What should executives do if their company is falling behind?

Start by measuring position, not sentiment. Benchmark integration depth — how many core workflows have been redesigned around AI, how much of your decision data is enterprise-accessible — rather than counting pilots or licenses. Then concentrate: the leaders’ pattern is a small number of domains where AI changes the economics of the business, taken end-to-end, not dozens of shallow experiments. Rebuild one revenue-critical workflow completely — roles, data, decision rights included — before touching the next. The goal is not to look busy with AI. It is to become the kind of organization that converts capability into structure. That conversion, not the technology, is what the 20% actually own.

Frequently asked questions

Is it too late for laggards to catch up?

No, but the route matters. Catching up means building absorptive capacity — data foundations, workflow redesign, decision-rights clarity — not accelerating tool purchases. McKinsey’s data shows laggards can close the distance, but only by rewiring how the company runs, which takes deliberate years, not budget quarters.

How do we know if we’re actually behind or just feel behind?

Assume your self-assessment is inflated: 76% of companies believe they lead their peers, while about 10% genuinely do.
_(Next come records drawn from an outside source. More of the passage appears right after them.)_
definition drops_at where
  "drops_at \<sigma> s n l u k j x \<longleftrightarrow>
     (\<forall>i\<in>{1..<j}. l k i \<le> Zstat \<sigma> s n k i x \<and> Zstat \<sigma> s n k i x \<le> u k i)
     \<and> Zstat \<sigma> s n k j x < l k j"

text \<open>The trial stops at the
  first control stage at which some arm crosses its upper boundary.\<close>
definition rejects where
  "rejects K J s \<sigma> n l u k x \<longleftrightarrow>
     (\<exists>j\<in>{1..J k}. crosses_upper \<sigma> s n l u k j x \<and>
        (\<forall>k'\<in>{1..K}. \<forall>j'\<in>{1..J k'}. s k' + j' < s k + j \<longrightarrow> \<not> crosses_upper \<sigma> s n l u k' j' x))"

end

theory Submission imports Defs begin

text \<open>Let A be the set of arms with \<open>\<mu> k \<le> \<mu> 0\<close>. Rejecting some \<open>H\<^sub>0\<^sub>k\<close> with \<open>k \<in> A\<close> means that
  arm k crosses its upper boundary before its lower one, so the rejection lies outside the event
  \<open>D\<^sub>A\<close> that every arm of A drops first. Shifting each outcome of arm k by \<open>\<mu> k - \<mu> 0\<close> turns
  the trial under the global null into the trial under \<open>\<mu>\<close>; for \<open>k \<in> A\<close> the shift can only
  lower every \<open>Z\<^sub>k\<^sub>,\<^sub>j\<close>, so it maps \<open>D\<^sub>A\<close> into itself. Hence the probability of \<open>D\<^sub>A\<close>
  under \<open>\<mu>\<close> is at least its probability under the global null, which in turn is at least the
  probability \<open>1 - \<alpha>\<close> that all K arms drop first.\<close>

lemma bounded_lift_Suc_mono_le:
  fixes f :: "nat \<Rightarrow> 'a::order"
  assumes "\<And>i. a \<le> i \<Longrightarrow> i < b \<Longrightarrow> f i \<le> f (Suc i)" and "a \<le> b"
  shows "f a \<le> f b"
  using \<open>a \<le> b\<close> by (induction rule: dec_induct) (auto intro: order.trans assms(1))

lemma measure_le_distr_of_subset_preimage:
  assumes "finite_measure M" and T: "T \<in> M \<rightarrow>\<^sub>M N" and A: "A \<in> sets N"
    and sub: "A \<subseteq> T -` A \<inter> space M"
  shows "measure M A \<le> measure (distr M N T) A"
proof -
  interpret finite_measure M by fact
  have "measure M A \<le> measure M (T -` A \<inter> space M)"
    using sub measurable_sets[OF T A] by (rule finite_measure_mono)
  also have "\<dots> = measure (distr M N T) A"
    using T A by (simp add: measure_distr)
  finally show ?thesis .
qed
lemma dd_upper:
  "0 \<le> y \<Longrightarrow> y \<le> rr j n \<Longrightarrow> 0 \<le> y' \<Longrightarrow> y' \<le> rr j n \<Longrightarrow> dd j n y y' \<le> 2 * \<bar>y - y'\<bar>"
  unfolding dd_def by (rule theta_r_upper) (simp_all add: rr_pos)

lemma valid_choice_q_in_Pk: "valid_choice q \<Longrightarrow> q j n \<in> Pk q j"
  unfolding valid_choice_def by blast

lemma valid_choice_inj: "valid_choice q \<Longrightarrow> inj (q j)"
  unfolding valid_choice_def by blast

lemma valid_choice_coord_nonzero: "valid_choice q \<Longrightarrow> q j n j \<noteq> 0"
  unfolding valid_choice_def by blast

lemma idx_q: "valid_choice q \<Longrightarrow> idx q j (q j n) = n"
  unfolding idx_def using valid_choice_inj[of q j] by (auto intro!: the_equality dest: injD)

lemma Pk_coord_above: "valid_choice q \<Longrightarrow> p \<in> Pk q i \<Longrightarrow> i < k \<Longrightarrow> p k = 0"
proof (induction i arbitrary: p k)
  case (Suc i)
  from Suc.prems(2) consider "p \<in> Pk q i" | n y where "p = (q i n)(Suc i := y)"
    by auto
  then show ?case
    using Suc valid_choice_q_in_Pk[OF Suc.prems(1)] by cases auto
qed simp

lemma q_upd_Suc_zero: "valid_choice q \<Longrightarrow> (q i n)(Suc i := 0) = q i n"
  using Pk_coord_above[OF _ valid_choice_q_in_Pk, of q i "Suc i" n] by (simp add: fun_upd_idem)

lemma Pk_subset_Suc: "valid_choice q \<Longrightarrow> Pk q i \<subseteq> Pk q (Suc i)"
proof
  fix p assume vc: "valid_choice q" and p: "p \<in> Pk q i"
  show "p \<in> Pk q (Suc i)"
  proof (cases "p \<in> range (q i)")
    case True
    then obtain n where "p = (q i n)(Suc i := 0)" using q_upd_Suc_zero[OF vc] by auto
    then have "\<exists>n' y. p = (q i n')(Suc i := y) \<and> 0 \<le> y \<and> y \<le> rr i n'"
      using rr_pos[of i n] by (intro exI[of _ n] exI[of _ "0::real"]) auto
    then show ?thesis by simp
  qed (use p in simp)
qed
Test integration depth instead of activity volume — redesigned workflows in production, enterprise-wide data access, and AI-attributable P&L impact are the honest indicators.

Does company size determine who pulls ahead?

No. The leader–laggard spread appears within every sector and across size bands. Scale supplies resources, but absorption is an operating-model property — large incumbents with atrophied internal build capability routinely trail smaller firms that redesigned early.

Is this a technology problem or a management problem?

Management. The studies converge on the same diagnosis: the constraint is the operating model — governance, data architecture, workflow design, and leadership commitment — not model quality. The technology is the most evenly distributed part of the equation.